►
text \<open>sigma : X^2_< \<rightarrow> K^*; values outside X^2_< are irrelevant.\<close>
definition compatible :: "'a::order set \<Rightarrow> ('a \<times> 'a \<Rightarrow> 'k::field) \<Rightarrow> (('a \<times> 'a \<Rightarrow> 'k) \<Rightarrow> ('a \<times> 'a \<Rightarrow> 'k)) \<Rightarrow> bool" where
  "compatible X \<sigma> \<theta> \<longleftrightarrow> (\<forall>x\<in>X. \<forall>y\<in>X. \<forall>z\<in>X. x < y \<and> y < z \<longrightarrow>
      (\<theta> (e_elem x z) = inc_mult X (\<theta> (e_elem x y)) (\<theta> (e_elem y z)) \<longrightarrow> \<sigma> (x, z) = \<sigma> (x, y) * \<sigma> (y, z)) \<and>
      (\<theta> (e_elem x z) = inc_mult X (\<theta> (e_elem y z)) (\<theta> (e_elem x y)) \<longrightarrow> \<sigma> (x, z) = - (\<sigma> (x, y) * \<sigma> (y, z))))"

end

theory Submission
  imports Defs
begin

text \<open>
  Call a triple x < y < z of X straight if \<theta>(e_xz) = \<theta>(e_xy) \<theta>(e_yz) and twisted if
  \<theta>(e_xz) = \<theta>(e_yz) \<theta>(e_xy). On a maximal chain \<theta> is increasing or decreasing, so all
  triples of a maximal chain are of the same kind, and every triple is of exactly one kind.

  The edge sets of maximal
  chains form a finite set mapped injectively into itself by \<theta>, hence \<theta> permutes them.
  This shows that the kind of (w, x, y) does not depend on w < x: if (t1, x, y) were straight
  and (t2, x, y) twisted, the edges \<theta>(e_t1x), \<theta>(e_xy), \<theta>(e_t2x) would lie on one chain,
  whose maximal extension is the image of a maximal chain through t1, t2, x, y.

  Now put \<sigma>(x, y) = -1 if (w, x, y) is twisted for some w < x, and 1 otherwise. For
  x < y < z, the triples of a chain w < x < y < z (or the minimality of x) show that
  \<sigma>(x, z) = \<sigma>(x, y) \<sigma>(y, z), negated exactly when (x, y, z) is twisted.
\<close>

lemma e_elem_nonzero: "(e_elem a b :: 'a \<times> 'a \<Rightarrow> 'k::field) \<noteq> (\<lambda>_. 0)"
proof
  assume "(e_elem a b :: 'a \<times> 'a \<Rightarrow> 'k) = (\<lambda>_. 0)"
  then have "(e_elem a b :: 'a \<times> 'a \<Rightarrow> 'k) (a, b) = 0" by simp
  then show False by (simp add: e_elem_def)
qed

lemma e_elem_eq_iff: "(e_elem a b :: 'a \<times> 'a \<Rightarrow> 'k::field) = e_elem c d \<longleftrightarrow> a = c \<and> b = d"
proof
  assume "(e_elem a b :: 'a \<times> 'a \<Rightarrow> 'k) = e_elem c d"
  then have "(e_elem a b :: 'a \<times> 'a \<Rightarrow> 'k) (a, b) = e_elem c d (a, b)" by simp
  then show "a = c \<and> b = d" by (simp add: e_elem_def split: if_splits)
qed simp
◄
What the task requires: Looking back over the data above, restate word for word the lines that begin at the line with "Call a triple" and end at the line with "Now put \<sigma>(x, y)", inclusive.

Response:
  Call a triple x < y < z of X straight if \<theta>(e_xz) = \<theta>(e_xy) \<theta>(e_yz) and twisted if
  \<theta>(e_xz) = \<theta>(e_yz) \<theta>(e_xy). On a maximal chain \<theta> is increasing or decreasing, so all
  triples of a maximal chain are of the same kind, and every triple is of exactly one kind.

  The edge sets of maximal
  chains form a finite set mapped injectively into itself by \<theta>, hence \<theta> permutes them.
  This shows that the kind of (w, x, y) does not depend on w < x: if (t1, x, y) were straight
  and (t2, x, y) twisted, the edges \<theta>(e_t1x), \<theta>(e_xy), \<theta>(e_t2x) would lie on one chain,
  whose maximal extension is the image of a maximal chain through t1, t2, x, y.

  Now put \<sigma>(x, y) = -1 if (w, x, y) is twisted for some w < x, and 1 otherwise. For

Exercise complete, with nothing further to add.